A really simple expansion of this idea of helping out with defining what function is the main function, is to pass in sys.argv and to return a value to signify exit status: sys.exit(func(sys.argv[1:])). So now you have made the decorator more useful than replacing the old __name__ idiom.

But while that is nice and helps deal with the very common case, I wanted more. Why can't you introspect on the arguments the function takes and use that to automatically generate a command-line parser? I did a search and the best I could find is entrypoint, but it doesn't go far enough for me. What I want is to use the full expressiveness of function parameters in Python to express as much about what should/could be given on the command-line along with passing in as little as possible to the decorator in order to replicate the common case of command-line parsing; think just as easy as getopt but more powerful by using as much of argparse as you can without coming up with complicated rules about how things should work (since once you pass a certain complexity threshold you should just build the argument parser using argparse's API directly and stop trying to optimize for it like I'm suggesting).

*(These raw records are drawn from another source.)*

(* Let $d\ge1$ and $p$ an odd integer. Let $(g_n)$ be independent real random variables satisfying $P(|g_n|<\rho)>0$ for all $\rho>0$ and all $n$. Let $u_0=\sum_nc_nh_n\in\overline H^{(d-1)/2}(\mathbb R^d)$, $u_0^\omega=\sum_nc_ng_n(\omega)h_n$ and, for $N\in\mathbb N^*$, $[u_0^\omega]_N=\sum_{\lambda_n<N}c_ng_n(\omega)h_n$. Then for every $t>0$ and every $N\in\mathbb N^*$, $$P\Big(\omega:\ \|[u_0^\omega]_N\|_{\overline H^{(d-1)/2}(\mathbb R^d)}\le t\ \text{ and }\ \|e^{-i\tau H}[u_0^\omega]_N\|_{L^{2p}_\tau([-2\pi,2\pi],\overline W^{\frac17,\infty}(\mathbb R^d))}\le t\Big)>0.$$
   Context: $H=-\Delta+|x|^2$ on $\mathbb R^d$; $(h_n)$ is an orthonormal basis of $L^2(\mathbb R^d)$ of eigenfunctions, $Hh_n=\lambda_n^2h_n$. $\overline H^s$ (resp. $\overline W^{s,q}$) is the closure of the Schwartz space for $\|H^{s/2}u\|_{L^2}$ (resp. $\|H^{s/2}u\|_{L^q}$). The $g_n$ are defined on a probability space $(\Omega,\mathcal A,P)$. *)

theory Defs
  imports "HOL-Probability.Probability"
begin

(* Functions on R^d are modelled as  real^'n => complex  with d = CARD('n). *)

definition partial2 :: "(real^'n \<Rightarrow> complex) \<Rightarrow> real^'n \<Rightarrow> 'n \<Rightarrow> complex" where
  "partial2 f x i = vector_derivative
      (\<lambda>s. vector_derivative (\<lambda>t. f (x + t *\<^sub>R axis i 1)) (at s)) (at 0)"

definition twice_partially_differentiable :: "(real^'n \<Rightarrow> complex) \<Rightarrow> bool" where
  "twice_partially_differentiable f \<longleftrightarrow>
     (\<forall>x i. (\<forall>s. (\<lambda>t. f (x + t *\<^sub>R axis i 1)) differentiable (at s)) \<and>
            (\<lambda>s. vector_derivative (\<lambda>t. f (x + t *\<^sub>R axis i 1)) (at s)) differentiable (at 0))"

definition laplacian :: "(real^'n \<Rightarrow> complex) \<Rightarrow> real^'n \<Rightarrow> complex" where
  "laplacian f x = (\<Sum>i\<in>UNIV. partial2 f x i)"

definition harmonic_osc :: "(real^'n \<Rightarrow> complex) \<Rightarrow> real^'n \<Rightarrow> complex" where
  "harmonic_osc f x = - laplacian f x + complex_of_real ((norm x)\<^sup>2) * f x"

definition L2_inner :: "(real^'n \<Rightarrow> complex) \<Rightarrow> (real^'n \<Rightarrow> complex) \<Rightarrow> complex" where
  "L2_inner f g = (LINT x|lborel. f x * cnj (g x))"

definition L2_fun :: "(real^'n \<Rightarrow> complex) \<Rightarrow> bool" where
  "L2_fun f \<longleftrightarrow> f \<in> borel_measurable lborel \<and> integrable lborel (\<lambda>x. (cmod (f x))\<^sup>2)"

definition L2_norm :: "(real^'n \<Rightarrow> complex) \<Rightarrow> real" where
  "L2_norm f = sqrt (LINT x|lborel. (cmod (f x))\<^sup>2)"

definition Linf_norm :: "(real^'n \<Rightarrow> complex) \<Rightarrow> real" where
  "Linf_norm f = real_of_ereal (esssup lborel (\<lambda>x. ereal (cmod (f x))))"

definition hermite_basis :: "(nat \<Rightarrow> real^'n \<Rightarrow> complex) \<Rightarrow> (nat \<Rightarrow> real) \<Rightarrow> bool" where
  "hermite_basis h lam \<longleftrightarrow>
     (\<forall>n. L2_fun (h n)) \<and>
     (\<forall>n m. L2_inner (h n) (h m) = (if n = m then 1 else 0)) \<and>
     (\<forall>f. L2_fun f \<longrightarrow> (\<forall>n. L2_inner f (h n) = 0) \<longrightarrow> (AE x in lborel. f x = 0)) \<and>
     (\<forall>n. twice_partially_differentiable (h n)) \<and>
     (\<forall>n x. harmonic_osc (h n) x = complex_of_real ((lam n)\<^sup>2) * h n x) \<and>
     (\<forall>n. lam n > 0)"

definition fin_comb :: "(nat \<Rightarrow> real^'n \<Rightarrow> complex) \<Rightarrow> nat set \<Rightarrow> (nat \<Rightarrow> complex) \<Rightarrow> real^'n \<Rightarrow> complex" where
  "fin_comb h F a x = (\<Sum>n\<in>F. a n * h n x)"

(* H^{s/2} (sum_{n in F} a_n h_n) = sum_{n in F} (lam_n^2)^{s/2} a_n h_n  (functional calculus) *)
definition Hpow_comb :: "(nat \<Rightarrow> real^'n \<Rightarrow> complex) \<Rightarrow> (nat \<Rightarrow> real) \<Rightarrow> real \<Rightarrow> nat set \<Rightarrow> (nat \<Rightarrow> complex) \<Rightarrow> real^'n \<Rightarrow> complex" where
  "Hpow_comb h lam s F a = fin_comb h F (\<lambda>n. complex_of_real (((lam n)\<^sup>2) powr (s / 2)) * a n)"

(* coefficients of e^{-i tau H} (sum a_n h_n) *)
definition schr_coeff :: "(nat \<Rightarrow> real) \<Rightarrow> real \<Rightarrow> (nat \<Rightarrow> complex) \<Rightarrow> nat \<Rightarrow> complex" where
  "schr_coeff lam \<tau> a n = exp (- \<i> * complex_of_real (\<tau> * (lam n)\<^sup>2)) * a n"

definition Hbar_norm :: "(nat \<Rightarrow> real^'n \<Rightarrow> complex) \<Rightarrow> (nat \<Rightarrow> real) \<Rightarrow> real \<Rightarrow> nat set \<Rightarrow> (nat \<Rightarrow> complex) \<Rightarrow> real" where
  "Hbar_norm h lam s F a = L2_norm (Hpow_comb h lam s F a)"

definition Wbar_inf_norm :: "(nat \<Rightarrow> real^'n \<Rightarrow> complex) \<Rightarrow> (nat \<Rightarrow> real) \<Rightarrow> real \<Rightarrow> nat set \<Rightarrow> (nat \<Rightarrow> complex) \<Rightarrow> real" where
  "Wbar_inf_norm h lam s F a = Linf_norm (Hpow_comb h lam s F a)"

(* u = sum c_n h_n lies in \bar H^s: ||H^{s/2} u||_{L^2}^2 = sum (lam_n^2)^s |c_n|^2 < infinity *)
definition in_Hbar :: "(nat \<Rightarrow> real) \<Rightarrow> real \<Rightarrow> (nat \<Rightarrow> complex) \<Rightarrow> bool" where
  "in_Hbar lam s c \<longleftrightarrow> summable (\<lambda>n. ((lam n)\<^sup>2) powr s * (cmod (c n))\<^sup>2)"

end

theory Submission
  imports Defs
begin

text \<open>For fixed N the truncated datum is a finite combination of the h_n, n \<in> F = {n. lam n < N}.
On such combinations Parseval turns the H-bar norm into a weighted l^2 norm of the coefficients, and
the W-bar L^\<infinity> norm is bounded by C * (\<Sum>n\<in>F. |\<beta>_n|): Gaussian elimination over F shows that
the coefficient vectors giving essentially bounded combinations form a closed set on which the
essential supremum is Lipschitz (and outside of which it is 0 by convention). Since e^{-i\<tau>H}
only rotates the coefficients, both norms of the randomised datum are at most t as soon as
|g_n| < \<rho> for all n \<in> F with \<rho> small, and by independence this event has positive probability.\<close>

definition ess_bounded :: "'a measure \<Rightarrow> ('a \<Rightarrow> complex) \<Rightarrow> bool" where
  "ess_bounded M f \<longleftrightarrow> (\<exists>B. AE x in M. cmod (f x) \<le> B)"
lemma sqnorm_add_skew:
  fixes K :: "real mat" and a b :: real
  assumes K: "K \<in> carrier_mat n n" and skew: "transpose_mat K = - K" and w: "w \<in> carrier_vec n"
  shows "sqnorm (of_real a \<cdot>\<^sub>v w + of_real b \<cdot>\<^sub>v (cmat K *\<^sub>v w))
    = a\<^sup>2 * sqnorm w + b\<^sup>2 * sqnorm (cmat K *\<^sub>v w)"
proof -
  let ?y = "cmat K *\<^sub>v w"
  have y: "?y \<in> carrier_vec n" using K w by simp
  have "sqnorm (of_real a \<cdot>\<^sub>v w + of_real b \<cdot>\<^sub>v ?y) = a\<^sup>2 * sqnorm w + b\<^sup>2 * sqnorm ?y
      + 2 * Re ((of_real a \<cdot>\<^sub>v w) \<bullet>c (of_real b \<cdot>\<^sub>v ?y))"
    using w y by (simp add: sqnorm_add[of _ n] sqnorm_smult)
  also have "Re ((of_real a \<cdot>\<^sub>v w) \<bullet>c (of_real b \<cdot>\<^sub>v ?y)) = a * b * Re (w \<bullet>c ?y)"
    using w y by (simp add: conjugate_smult_vec)
  also have "Re (w \<bullet>c ?y) = 0"
    using Re_cscalar_prod_skew[OF K skew w] Re_cscalar_prod_commute[OF w y] by simp
  finally show ?thesis by (simp only: mult_zero_right add_0_right)
qed
definition cplx_span :: "(complex \<Rightarrow> 'x::banach \<Rightarrow> 'x) \<Rightarrow> 'x set \<Rightarrow> 'x set" where
  "cplx_span sc M = {(\<Sum>i<k. sc (c i) (v i)) | (k::nat) c v. \<forall>i<k. v i \<in> M}"

definition contractive_module ::
  "(nat \<Rightarrow> complex) set \<Rightarrow> ((nat \<Rightarrow> complex) \<Rightarrow> real) \<Rightarrow> (complex \<Rightarrow> 'x::banach \<Rightarrow> 'x)
    \<Rightarrow> ((nat \<Rightarrow> complex) \<Rightarrow> 'x \<Rightarrow> 'x) \<Rightarrow> bool" where
  "contractive_module A N sc act \<longleftrightarrow>
     (\<forall>a\<in>A. \<forall>b\<in>A. \<forall>x. act (\<lambda>n. a n + b n) x = act a x + act b x) \<and>
     (\<forall>a\<in>A. \<forall>c x. act (\<lambda>n. c * a n) x = sc c (act a x)) \<and>
     (\<forall>a\<in>A. \<forall>x y. act a (x + y) = act a x + act a y) \<and>
     (\<forall>a\<in>A. \<forall>c x. act a (sc c x) = sc c (act a x)) \<and>
     (\<forall>a\<in>A. \<forall>b\<in>A. \<forall>x. act (\<lambda>n. a n * b n) x = act a (act b x)) \<and>
     (\<forall>a\<in>A. \<forall>x. norm (act a x) \<le> N a * norm x)"
lemma rat_lin_indep_int_combination_eq_0_iff:
  fixes w :: "'k::finite \<Rightarrow> real" and u :: "'k \<Rightarrow> int"
  assumes "rat_lin_indep w"
  shows "(\<Sum>l\<in>UNIV. of_int (u l) * w l) = 0 \<longleftrightarrow> (\<forall>l. u l = 0)"
proof
  assume "(\<Sum>l\<in>UNIV. of_int (u l) * w l) = 0"
  then have "\<forall>l. real_of_int (u l) = 0"
    using assms unfolding rat_lin_indep_def by (metis Rats_of_int)
  then show "\<forall>l. u l = 0" by simp
qed simp

lemma normalized_torus_moment_eq_resonant_sum:
  fixes c \<theta> :: "'r \<Rightarrow> real" and f :: "'r \<Rightarrow> 'k::finite \<Rightarrow> int" and w :: "'k \<Rightarrow> real"
  assumes R: "finite R" and w: "rat_lin_indep w"
    and \<theta>: "\<And>r. r \<in> R \<Longrightarrow> \<theta> r = (\<Sum>l\<in>UNIV. of_int (f r l) * w l)"
  shows "(1 / (2*pi) ^ CARD('k)) * integral (cbox (0::real^'k) (\<chi> _. 2*pi))
      (\<lambda>z. cmod (\<Sum>r\<in>R. complex_of_real (c r) *
         exp (\<i> * complex_of_real (\<Sum>l\<in>UNIV. of_int (f r l) * z $ l))) ^ (2*m))
    = (\<Sum>t\<in>PiE {..<2*m} (\<lambda>_. R).
         if (\<Sum>k<2*m. of_int (moment_sign m k) * \<theta> (t k)) = 0 then \<Prod>k<2*m. c (t k) else 0)"
proof -
  have resonance: "(\<forall>l. (\<Sum>k<2*m. moment_sign m k * f (t k) l) = 0)
      \<longleftrightarrow> (\<Sum>k<2*m. of_int (moment_sign m k) * \<theta> (t k)) = 0"
    if "t \<in> PiE {..<2*m} (\<lambda>_. R)" for t
  proof -
    have "(\<Sum>k<2*m. of_int (moment_sign m k) * \<theta> (t k))
        = (\<Sum>k<2*m. of_int (moment_sign m k) * (\<Sum>l\<in>UNIV. of_int (f (t k) l) * w l))"
      using that \<theta> by (intro sum.cong refl) (auto simp: PiE_iff)
    also have "\<dots> = (\<Sum>l\<in>UNIV. of_int (\<Sum>k<2*m. moment_sign m k * f (t k) l) * w l)"
      by (simp add: sum_distrib_left sum_distrib_right mult_ac) (rule sum.swap)
    finally show ?thesis
      using rat_lin_indep_int_combination_eq_0_iff[OF w, of "\<lambda>l. \<Sum>k<2*m. moment_sign m k * f (t k) l"]
      by (simp only:)
  qed
  have "(\<Sum>t\<in>PiE {..<2*m} (\<lambda>_. R).
      if \<forall>l. (\<Sum>k<2*m. moment_sign m k * f (t k) l) = 0 then \<Prod>k<2*m. c (t k) else 0)
    = (\<Sum>t\<in>PiE {..<2*m} (\<lambda>_. R).
      if (\<Sum>k<2*m. of_int (moment_sign m k) * \<theta> (t k)) = 0 then \<Prod>k<2*m. c (t k) else 0)"
    using resonance by (intro sum.cong refl) auto
  then show ?thesis
    unfolding torus_moment_eq_zero_frequency_sum[OF R] by simp
qed

lemma algebraic_eigenvalue_of_int_matrix:
  fixes U :: "'u set" and M :: "'u \<Rightarrow> 'u \<Rightarrow> int" and v :: "'u \<Rightarrow> 'a::field_char_0"
  assumes U: "finite U" and u0: "u0 \<in> U" "v u0 \<noteq> 0"
    and eigen: "\<And>u. u \<in> U \<Longrightarrow> (\<Sum>u'\<in>U. of_int (M u u') * v u') = \<mu> * v u"
  shows "algebraic \<mu>"
proof -
  define n where "n = card U"
  define e where "e = from_nat_into U"
  have e: "bij_betw e {..<n} U"
    unfolding e_def n_def by (rule bij_betw_from_nat_into_finite[OF U])
  define M_int where "M_int = Matrix.mat n n (\<lambda>(i, j). M (e i) (e j))"
  define M_lift where "M_lift = map_mat (of_int :: int \<Rightarrow> 'a) M_int"
  have M_int: "M_int \<in> carrier_mat n n" and M_lift: "M_lift \<in> carrier_mat n n"
    unfolding M_int_def M_lift_def by simp_all
  define v_lift where "v_lift = Matrix.vec n (\<lambda>i. v (e i))"
  obtain i0 where i0: "i0 < n" "e i0 = u0"
    using e u0 unfolding bij_betw_def by auto
  have "eigenvector M_lift v_lift \<mu>"
    unfolding eigenvector_def
  proof (intro conjI)
    show "v_lift \<in> carrier_vec (dim_row M_lift)"
      using M_lift unfolding v_lift_def by simp
    show "v_lift \<noteq> 0\<^sub>v (dim_row M_lift)"
    proof
      assume "v_lift = 0\<^sub>v (dim_row M_lift)"
      then have "vec_index v_lift i0 = 0"
        using i0 M_lift by simp
      then show False
        using i0 u0 unfolding v_lift_def by simp
    qed
    show "M_lift *\<^sub>v v_lift = \<mu> \<cdot>\<^sub>v v_lift"
    proof (rule eq_vecI)
      fix i assume "i < dim_vec (\<mu> \<cdot>\<^sub>v v_lift)"
      then have i: "i < n" unfolding v_lift_def by simp
      have "vec_index (M_lift *\<^sub>v v_lift) i = (\<Sum>j<n. of_int (M (e i) (e j)) * v (e j))"
        using i M_lift unfolding v_lift_def M_lift_def M_int_def by (simp add: scalar_prod_def lessThan_atLeast0)
      also have "\<dots> = (\<Sum>u'\<in>U. of_int (M (e i) u') * v u')"
        by (rule sum.reindex_bij_betw[OF e])
      also have "\<dots> = \<mu> * v (e i)"
        using eigen e i unfolding bij_betw_def by auto
      finally show "vec_index (M_lift *\<^sub>v v_lift) i = vec_index (\<mu> \<cdot>\<^sub>v v_lift) i"
        using i unfolding v_lift_def by simp
    qed (use M_lift in \<open>simp add: v_lift_def\<close>)
  qed
  then have "poly (char_poly M_lift) \<mu> = 0"
    using eigenvalue_root_char_poly[OF M_lift] unfolding eigenvalue_def by blast
  moreover have "char_poly M_lift = map_poly of_int (char_poly M_int)"
    unfolding M_lift_def by (rule of_int_hom.char_poly_hom[OF M_int])
  moreover have "char_poly M_int \<noteq> 0"
    using degree_monic_char_poly[OF M_int] by auto
  ultimately show ?thesis
    by (intro algebraicI[of "map_poly of_int (char_poly M_int)"]) (auto simp: coeff_map_poly)
qed

lemma sum_PiE_agree_except:
  assumes "u \<in> PiE I S" "k \<in> I"
  shows "(\<Sum>u'\<in>{u' \<in> PiE I S. \<forall>j\<in>I - {k}. u' j = u j}. g u') = (\<Sum>y\<in>S k. g (u(k := y)))"
proof -
  have "u(k := u' k) = u'" if u': "u' \<in> PiE I S" "\<forall>j\<in>I - {k}. u' j = u j" for u'
  proof
    fix j
    show "(u(k := u' k)) j = u' j"
      using assms u' by (cases "j \<in> I") (auto simp: PiE_def extensional_def)
  qed
  then show ?thesis
    by (intro sum.reindex_bij_witness[of _ "\<lambda>y. u(k := y)" "\<lambda>u'. u' k"])
       (use assms in \<open>auto simp: PiE_def extensional_def\<close>)
qed

lemma act_on_tensor_factor:
  fixes A :: "real^'n^'n" and v :: "nat \<Rightarrow> real^'n"
  assumes eigen: "A *v v k = \<mu> *\<^sub>R v k" and k: "k < N"
    and u: "u \<in> PiE {..<N} (\<lambda>_. UNIV)"
  shows "(\<Sum>u'\<in>{u' \<in> PiE {..<N} (\<lambda>_. UNIV). \<forall>j\<in>{..<N} - {k}. u' j = u j}.
      A $ u k $ u' k * (\<Prod>j<N. v j $ u' j)) = \<mu> * (\<Prod>j<N. v j $ u j)"
proof -
  define R where "R = (\<Prod>j\<in>{..<N} - {k}. v j $ u j)"
  have upd: "(\<Prod>j<N. v j $ (u(k := y)) j) = v k $ y * R" for y
    unfolding R_def using k by (subst prod.remove[of _ k]) (auto intro!: prod.cong)
  have "(\<Sum>u'\<in>{u' \<in> PiE {..<N} (\<lambda>_. UNIV). \<forall>j\<in>{..<N} - {k}. u' j = u j}.
      A $ u k $ u' k * (\<Prod>j<N. v j $ u' j)) = (\<Sum>y\<in>UNIV. A $ u k $ y * (\<Prod>j<N. v j $ (u(k := y)) j))"
    using sum_PiE_agree_except[OF u, of k "\<lambda>u'. A $ u k $ u' k * (\<Prod>j<N. v j $ u' j)"] k by simp
  also have "\<dots> = (A *v v k) $ u k * R"
    unfolding upd by (simp add: matrix_vector_mult_def sum_distrib_left sum_distrib_right mult_ac)
  also have "\<dots> = \<mu> * (\<Prod>j<N. v j $ u j)"
    using upd[of "u k"] by (simp add: eigen)
  finally show ?thesis .
qed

So what do we have at our disposal to build such a decorator? We have positional arguments so we know how many arguments are required without some specific qualifier. We have variable positional arguments (e.g. *args) to take an optional number of extra arguments at the end of the command-line. We have keyword arguments which are optional flags that one can specify. You could even have variable keyword arguments for major flexibility, but that just seems like a total lack of structure the CLIs just don't typically provide. With all of that you can reproduce getopt without any issue for long-form names. For short names, I would say you need to pass in a mapping of short names to long names into the decorator. Same goes for long names to help string (you can use the function's docstring for the main help for the app itself).

But where things get really interesting is when you take into consideration function annotations. That opens up the possibility of going beyond getopt and potentially supporting argparse's action, nargs, and type options. Take the type option as an example. You could say limit:int=10 to have a command-line option called --limit which only accepted an integer and defaulted to 10.  This obviously could also work with float or any other type where you can just pass in a string to the constructor to get back an instance of the type. So you have a general case which can be useful, but you can you potentially special-case some things to get enhanced functionality where it doesn't make sense to simply take in a string?

Lists pose an interesting option as argparse provides both nargs for specifying the number of arguments to a single option, or the append action for accepting multiple instances of the same option and accumulating them. In my mind both can be expressed in a way that I think makes sense but some might view as too magical. If you specify names:list=[], then that supports the append action, e.g. --names Brett --names Andrea leads to names being set to ['Brett', 'Andrea']. But if you were to do names:['+']=[], then that would get the same result from --names Brett Andrea. In other words, the list type specifies the append action while a list instance specifies using the nargs option with the single item in the list acting as the value to set to nargs.

For booleans, I would want the use of the bool type to mean use either the store_true or store_false action based on what the default argument was. So turn_on:bool=True would use the store_false action since the argument is meant to be a boolean and it's default value is True, meaning that if the option was specified it represents the reverse.

Finally, the tricky bit is for files since that is a common command-line argument and you might as well open the file and close it for the function. The solution argparse uses is a specific FileType class where you can pass specific arguments to use when opening the file. The problem is that it doesn't support everything open() does, e.g. encoding. So what I would want to do instead is provide a partial function that took everything but the file path and then when it came time to call the main function, passed in the file path to the partial function, passed the returned file to contextlib.closing(), and then passed it on to the main function. You could even generalize a lot of this and simply say that whatever is specified as the function annotation, if it isn't a special-case like lists, then you call the annotation with what came from the command-line and if it provides a context manager it is used before calling the main function.

So those are my thoughts on using function parameters as a DSL for getopt++/argparse-- functionality on a Saturday morning. Honestly the most complicated bit would be constructing the arguments to pass to the main function in the right order, otherwise it's just introspecting on a function's parameters and making the proper call to argparse. But then again the real question is whether anyone thinks this at all sounds reasonable enough to code it up.